ABOUT THIS EXERCISE
Locate, in the data below, the line that contains "text \<open>Coefficient of" and the line that contains "m = (of_int"; reproduce exactly those two lines and every line between them, nothing more.

DATA IN THIS EXERCISE
(* For distinct $a,b$, in $A(\mathcal{H}^+)$: $[E^u_{ba}]=[\bar E^u_{ba}]$, $[E^t_{ba}]=[\bar E^t_{ba}]$ and $[\Lambda_{ab}]=[\Lambda_{ba}]$.
   Context: $\mathfrak{h}$ is an $\ell$-dimensional complex space with orthonormal basis $h_1,\dots,h_\ell$; $\mathcal{H}=M(1,0)$ the free bosonic vertex operator algebra generated by Heisenberg modes $h(n)$ on vacuum $\mathbf{1}$; $\mathcal{H}^+$ the fixed points of the automorphism induced by $h\mapsto-h$; $A(\mathcal{H}^+)=\mathcal{H}^+/O(\mathcal{H}^+)$ Zhu's algebra ($O$ spanned by $u\circ v=\sum_{i\ge0}\binom{\mathrm{wt}\,u}{i}u_{i-2}v$, product induced by $u*v=\sum_{i\ge0}\binom{\mathrm{wt}\,u}{i}u_{i-1}v$), $[u]=u+O(\mathcal{H}^+)$. For distinct $a,b$ and $m\ge1$ let $S_{ab}(1,m)=h_a(-1)h_b(-m)\mathbf{1}$ and define $E^u_{ab}=5S_{ab}(1,2)+25S_{ab}(1,3)+36S_{ab}(1,4)+16S_{ab}(1,5)$, $\bar E^u_{ba}=S_{ab}(1,1)+14S_{ab}(1,2)+41S_{ab}(1,3)+44S_{ab}(1,4)+16S_{ab}(1,5)$, $E^t_{ab}=-16\big(3S_{ab}(1,2)+14S_{ab}(1,3)+19S_{ab}(1,4)+8S_{ab}(1,5)\big)$, $\bar E^t_{ba}=-16\big(5S_{ab}(1,2)+18S_{ab}(1,3)+21S_{ab}(1,4)+8S_{ab}(1,5)\big)$, $\Lambda_{ab}=45S_{ab}(1,2)+190S_{ab}(1,3)+240S_{ab}(1,4)+96S_{ab}(1,5)$; so $E^u_{ba}$, $E^t_{ba}$, $\Lambda_{ba}$ are given by the same formulas with $a$ and $b$ interchanged. *)

theory Defs
  imports Complex_Main "HOL-Library.Multiset" "HOL-Library.Product_Lexorder"
begin

text \<open>
  Model of the free bosonic VOA M(1,0) on an ell-dimensional space h with orthonormal
  basis h_1..h_ell.  M(1,0) = C[h_a(-n) : 1 <= a <= ell, n >= 1] (Fock space).
  A PBW monomial h_{a1}(-n1)...h_{ak}(-nk) 1 is the multiset of pairs (a_i, n_i).
  Vectors are complex-valued coefficient functions on monomials (with finite support).
\<close>

type_synonym mon = "(nat \<times> nat) multiset"
type_synonym vec = "mon \<Rightarrow> complex"

definition mon_ok :: "nat \<Rightarrow> mon \<Rightarrow> bool" where
  "mon_ok ell w \<longleftrightarrow> (\<forall>p\<in>#w. 1 \<le> fst p \<and> fst p \<le> ell \<and> 1 \<le> snd p)"

definition wt :: "mon \<Rightarrow> nat" where
  "wt w = sum_mset (image_mset snd w)"

definition basis :: "mon \<Rightarrow> vec" where
  "basis w = (\<lambda>w'. if w' = w then 1 else 0)"

definition vsupp :: "vec \<Rightarrow> mon set" where
  "vsupp x = {w. x w \<noteq> 0}"

definition lin :: "(mon \<Rightarrow> vec) \<Rightarrow> vec \<Rightarrow> vec" where
  "lin f x = (\<lambda>w'. \<Sum>w\<in>vsupp x. x w * f w w')"

text \<open>Heisenberg operator h_a(m) on basis monomials:
  creation (m<0) multiplies by h_a(m); annihilation (m>0) acts as m * d/d h_a(-m)
  ([h_a(m),h_b(n)] = m delta_ab delta_{m+n,0}); h_a(0) = 0 on M(1,0).\<close>
definition heis_b :: "nat \<Rightarrow> int \<Rightarrow> mon \<Rightarrow> vec" where
  "heis_b a m w =
     (if m < 0 then basis (add_mset (a, nat (- m)) w)
      else if m = 0 then (\<lambda>_. 0)
      else (\<lambda>w'. of_int m * of_nat (count w (a, nat m)) * basis (w - {#(a, nat m)#}) w'))"

definition heis :: "nat \<Rightarrow> int \<Rightarrow> vec \<Rightarrow> vec" where
  "heis a m = lin (heis_b a m)"

text \<open>Coefficient of h(m) z^{-m-n} in the field d^{(n-1)} h(z) / (n-1)!.\<close>
definition cf :: "nat \<Rightarrow> int \<Rightarrow> complex" where
  "cf n m = (of_int (- m - 1) :: complex) gchoose (n - 1)"

text \<open>Modes of vertex operators: Y(1,z) = id and
  Y(h_a(-n) v, z) = : d^{(n-1)} h_a(z) Y(v,z) : (normal ordered), i.e.
  (h_a(-n)v)_j = sum_{m<0} cf n m h_a(m) v_{j-m-n} + sum_{m>=0} cf n m v_{j-m-n} h_a(m).
  Applied to a basis monomial w, the sums are finite; the truncation ranges below contain
  all non-vanishing terms (v_k w = 0 for k >= wt v + wt w, h_a(m) w = 0 for m > wt w).\<close>
primrec mode_list :: "(nat \<times> nat) list \<Rightarrow> int \<Rightarrow> mon \<Rightarrow> vec" where
  "mode_list [] j w = (if j = -1 then basis w else (\<lambda>_. 0))"
| "mode_list (p # us) j w =
     (\<lambda>w'. (\<Sum>m\<in>{- (int (sum_list (map snd (p # us))) + int (wt w) + \<bar>j\<bar> + 1) .. -1}.
              cf (snd p) m * heis (fst p) m (mode_list us (j - m - int (snd p)) w) w')
          + (\<Sum>m\<in>{0 .. int (wt w)}.
              cf (snd p) m * lin (mode_list us (j - m - int (snd p))) (heis_b (fst p) m w) w'))"

definition mode :: "mon \<Rightarrow> int \<Rightarrow> mon \<Rightarrow> vec" where
  "mode u j w = mode_list (sorted_list_of_multiset u) j w"

definition vmode :: "vec \<Rightarrow> int \<Rightarrow> vec \<Rightarrow> vec" where
  "vmode u j v = (\<lambda>w'. \<Sum>p\<in>vsupp u. \<Sum>q\<in>vsupp v. u p * v q * mode p j q w')"

text \<open>H^+ : fixed points of the automorphism induced by h -> -h, i.e. span of monomials of
  even length.\<close>
definition Hplus :: "nat \<Rightarrow> vec set" where
  "Hplus ell = {x. finite (vsupp x) \<and> (\<forall>w\<in>vsupp x. mon_ok ell w \<and> even (size w))}"

definition homog :: "nat \<Rightarrow> vec \<Rightarrow> bool" where
  "homog d x \<longleftrightarrow> (\<forall>w\<in>vsupp x. wt w = d)"

definition circ :: "nat \<Rightarrow> vec \<Rightarrow> vec \<Rightarrow> vec" where
  "circ d u v = (\<lambda>w'. \<Sum>i=0..d. of_nat (d choose i) * vmode u (int i - 2) v w')"

definition lspan :: "vec set \<Rightarrow> vec set" where
  "lspan S = {x. \<exists>F c. finite F \<and> F \<subseteq> S \<and> x = (\<lambda>w. \<Sum>y\<in>F. c y * y w)}"

definition O_Hplus :: "nat \<Rightarrow> vec set" where
  "O_Hplus ell = lspan {circ d u v | d u v. u \<in> Hplus ell \<and> homog d u \<and> v \<in> Hplus ell}"

definition zhu_eq :: "nat \<Rightarrow> vec \<Rightarrow> vec \<Rightarrow> bool" where
  "zhu_eq ell x y \<longleftrightarrow> (\<lambda>w. x w - y w) \<in> O_Hplus ell"

definition S :: "nat \<Rightarrow> nat \<Rightarrow> nat \<Rightarrow> vec" where
  "S a b m = basis {#(a, 1), (b, m)#}"

definition lc :: "(complex \<times> vec) list \<Rightarrow> vec" where
  "lc xs = (\<lambda>w. \<Sum>(c, x)\<leftarrow>xs. c * x w)"

definition Eu :: "nat \<Rightarrow> nat \<Rightarrow> vec" where
  "Eu a b = lc [(5, S a b 2), (25, S a b 3), (36, S a b 4), (16, S a b 5)]"

definition Eu_bar :: "nat \<Rightarrow> nat \<Rightarrow> vec" where
  "Eu_bar b a = lc [(1, S a b 1), (14, S a b 2), (41, S a b 3), (44, S a b 4), (16, S a b 5)]"

definition Et :: "nat \<Rightarrow> nat \<Rightarrow> vec" where
  "Et a b = lc [(-16 * 3, S a b 2), (-16 * 14, S a b 3), (-16 * 19, S a b 4), (-16 * 8, S a b 5)]"

definition Et_bar :: "nat \<Rightarrow> nat \<Rightarrow> vec" where
  "Et_bar b a = lc [(-16 * 5, S a b 2), (-16 * 18, S a b 3), (-16 * 21, S a b 4), (-16 * 8, S a b 5)]"

definition Lam :: "nat \<Rightarrow> nat \<Rightarrow> vec" where
  "Lam a b = lc [(45, S a b 2), (190, S a b 3), (240, S a b 4), (96, S a b 5)]"

end

theory Submission imports Defs begin

text \<open>
  For a homogeneous u the element u o 1 = u_{-2} 1 + (wt u) u = L(-1) u + (wt u) u
  lies in O(H+). Taking u = h_a(-n) h_b(-m) 1 gives the relations
  (n+m) S_ab(n,m) + n S_ab(n+1,m) + m S_ab(n,m+1) = 0 in A(H+),
  and each of the three identities is an explicit rational combination of these relations
  with n + m \<le> 5.
\<close>

lemma vsupp_basis [simp]: "vsupp (basis w) = {w}"
  by (auto simp: vsupp_def basis_def)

RESULT BELOW
text \<open>Coefficient of h(m) z^{-m-n} in the field d^{(n-1)} h(z) / (n-1)!.\<close>
definition cf :: "nat \<Rightarrow> int \<Rightarrow> complex" where
  "cf n m = (of_int (- m - 1) :: complex) gchoose (n - 1)"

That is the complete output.